Older valves are subject to a variety of maladies and I've started just replacing them since I am not interested in vintage diving but rather just getting a good cylinder at a reasonable price. I have tried to fix up several J-valves and find that they are prone to leakage. Many J-valve designs leave the reserve mechanism pressurized even when the valve is off so an otherwise inconsequential stem leak will drain the cylinder after a month. Parts availability for the J mechanisms is poor. I have a Calypso J regulator that I can use to experiment with when I want to dive with a J reserve that doesn't require me to have a dedicated cylinder.

Replace the burst disc assemblies with modern ones, the single port ones are unsafe. The correct burst disc is 3750 PSI, some shops still have these but I have not found a source that ships nationwide. Some people use 4000 PSI burst discs since those are readily available, even though it is technically a violation of the CFRs

Vintage manifolds are picky about cylinder spacing and even back in the day were not particularly reliable. Whether it makes sense to double these up depends on your dive goals. I have a doubled pair of LP72s with a modern manifold. I do use them occasionally for deep solo dives although in most cases I will take a pair of HP100s instead. Or an HP120 and a pony which is more or less equivalent gas wise, and lighter.

It is hard to find modern bands for LP72s though they do exist.

I like LP72s and have around 10 of them. I like the neutral buoyancy. They are inexpensive - usually I pay $30 as-found, as-is, where-is. With hydro, VIP, and a new valve it's a $100 cylinder. Low cost is part of the attraction; generally I'd rather have HP100s but when comparing ready-to-dive prices they are 2x-3x as much (used).
 
We occasionally used compressed air and an air gun to "inflate" the vinyl. It helped in pulling the coating away from the tank. We just inserted the air gun into a hole or cut in the coating and applied the air pressure. Sometimes it worked, sometimes not, but when it did it eliminated allot of elbow grease for that portion of the tank.
 
Older manifolds are along the lines of Captain's, just one knob and a center outlet with or without J valve. Center outlet is needed for good double hose positioning.

If one gets lucky, Sherwood made a manifold (Selpac) for double hose with an additional post, and shut off valve, for a single hose backup. The one I scored did not have one, but they did make them with the j valve.
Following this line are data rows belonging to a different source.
(* Let $(S,W)$ be the spherical Coxeter complex of type $D_n$ ($n\ge4$). Let $\lambda_i:=\frac{1}{\sqrt{2(n+1-i)}}$ for $i\neq2$ and $\lambda_2:=\lambda_1$. Let $\alpha\subset S$ be a root and let $v$ be a vertex of type $i$ in the interior of $\alpha$. Then $\sin d(v,\partial\alpha)\in\{\lambda_i,2\lambda_i\}$. Moreover, if $i=n$ then $\sin d(v,\partial\alpha)=\lambda_n$, and if $i\in\{1,2\}$ then $\sin d(v,\partial\alpha)=2\lambda_1=2\lambda_2$.
   Context: $S$ is the unit sphere in $\mathbb{R}^n$ with standard basis $e_1,\dots,e_n$, and $W$ is the Weyl group of $D_n$ (permutations of coordinates combined with an even number of sign changes), acting by reflections. Roots of $(S,W)$ are the closed hemispheres $\{x:\langle x,c\rangle\ge0\}$ with center $c=\frac{1}{\sqrt2}(\pm e_j\pm e_k)$, $j\ne k$; $\partial\alpha$ is the boundary great sphere of $\alpha$. Vertex types: a vertex is of type $i\neq 2$ if it lies in the $W$-orbit of $\frac{1}{\sqrt{n+1-i}}(e_i+e_{i+1}+\dots+e_n)$, and of type $2$ if it lies in the $W$-orbit of $\frac{1}{\sqrt n}(-e_1+e_2+\dots+e_n)$. The interior of $\alpha$ is $\alpha\setminus\partial\alpha$; $d$ is the spherical metric. *)

theory Defs
  imports "HOL-Analysis.Analysis"
begin

text \<open>Points of R^n are represented as functions nat => real, with coordinates
indexed by 1..n and value 0 outside {1..n}.\<close>

definition vec_n :: "nat \<Rightarrow> (nat \<Rightarrow> real) set" where
  "vec_n n = {x. \<forall>k. k \<notin> {1..n} \<longrightarrow> x k = 0}"

definition ip :: "nat \<Rightarrow> (nat \<Rightarrow> real) \<Rightarrow> (nat \<Rightarrow> real) \<Rightarrow> real" where
  "ip n x y = (\<Sum>k\<in>{1..n}. x k * y k)"

definition sph :: "nat \<Rightarrow> (nat \<Rightarrow> real) set" where
  "sph n = {x \<in> vec_n n. ip n x x = 1}"

definition sdist :: "nat \<Rightarrow> (nat \<Rightarrow> real) \<Rightarrow> (nat \<Rightarrow> real) \<Rightarrow> real" where
  "sdist n x y = arccos (ip n x y)"

definition sdist_set :: "nat \<Rightarrow> (nat \<Rightarrow> real) \<Rightarrow> (nat \<Rightarrow> real) set \<Rightarrow> real" where
  "sdist_set n x A = Inf (sdist n x ` A)"

definition ebas :: "nat \<Rightarrow> nat \<Rightarrow> real" where
  "ebas j = (\<lambda>k. if k = j then 1 else 0)"

definition weylD :: "nat \<Rightarrow> ((nat \<Rightarrow> real) \<Rightarrow> (nat \<Rightarrow> real)) set" where
  "weylD n = {(\<lambda>x k. if k \<in> {1..n} then s k * x (\<sigma> k) else 0) | \<sigma> s.
     \<sigma> permutes {1..n} \<and> (\<forall>k\<in>{1..n}. s k = 1 \<or> s k = -1) \<and> (\<Prod>k\<in>{1..n}. s k) = 1}"

definition base_vertex :: "nat \<Rightarrow> nat \<Rightarrow> (nat \<Rightarrow> real)" where
  "base_vertex n i =
     (if i = 2 then (\<lambda>k. if k = 1 then - 1 / sqrt (real n)
                         else if k \<in> {2..n} then 1 / sqrt (real n) else 0)
      else (\<lambda>k. if k \<in> {i..n} then 1 / sqrt (real (n + 1 - i)) else 0))"

definition vertex_of_type :: "nat \<Rightarrow> nat \<Rightarrow> (nat \<Rightarrow> real) \<Rightarrow> bool" where
  "vertex_of_type n i v \<longleftrightarrow> i \<in> {1..n} \<and> (\<exists>w\<in>weylD n. v = w (base_vertex n i))"
(*
  Each kernel K among doc a, hat_kernel a b, hat_kernel a c is the coefficient sequence of a
  quotient p/a of polynomials, where a has no zeros in the closed unit disc: on the circle by
  hypothesis, inside it because a zero z would make 1/z a zero of rho outside the disc.  Hence K is
  absolutely summable and its Fourier series sums to the symbol quotient p(theta)/a(theta).

  For a truncation K_M of K, averaging over the N-th roots of unity with N >= M + n turns the
  bilinear form sum_{j <= i < n} K_{i-j} v_j u_i exactly into the mean of K_M(theta) v(theta)
  conj(u(theta)); Cauchy-Schwarz and the discrete Parseval identity bound it by
  max |K_M| |v| |u|, and the tail of K vanishes as M tends to infinity.  The matrix statements are
  the same bounds, read through A_L^{-1} = toeplitz(doc a) and A_L^{-1} B_L = toeplitz(hat_kernel a b),
  and likewise for C_L.
*)

unbundle no vec_syntax and no inner_syntax

(* The recursive equation of doc would otherwise be unfolded by the simplifier without end. *)
declare doc.simps [simp del]

definition toeplitz_form :: "(nat \<Rightarrow> real) \<Rightarrow> nat \<Rightarrow> (nat \<Rightarrow> real) \<Rightarrow> (nat \<Rightarrow> real) \<Rightarrow> real" where
  "toeplitz_form g n v u = (\<Sum>i<n. \<Sum>j\<le>i. g (i - j) * v j * u i)"

definition dft_angle :: "nat \<Rightarrow> nat \<Rightarrow> real" where
  "dft_angle N t = 2 * pi * real t / real N"

lemma dft_angle_range: "t < N \<Longrightarrow> 0 \<le> dft_angle N t \<and> dft_angle N t < 2 * pi"
  by (auto simp: dft_angle_def field_simps)

lemma symb_conv_cis: "symb M g x = (\<Sum>m<M. of_real (g m) * cis (real m * x))"
  by (simp add: symb_def cis_conv_exp mult.assoc)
It was probably the last old school manifold made before the modern isolation manifold became the standard.
 
I’ve been eyeballing the US Divers model for $119 but was sure if it would work for my lp72s or not.

Yes it will, it was originally used on 72's.
 
It is hard to find modern bands for LP72s though they do exist.

Since the OP is interested in vintage , he may want to keep his eye out for some old galvanized bands used originally.

Double 72s
 
So, after figuring out what manifold a guy wants to use ( in my case I’m going to go with the US Divers with J valve) how does one figure out which bands to get as far as spacing goes? I know that 72s are 6.9” but have heard that 7” will work.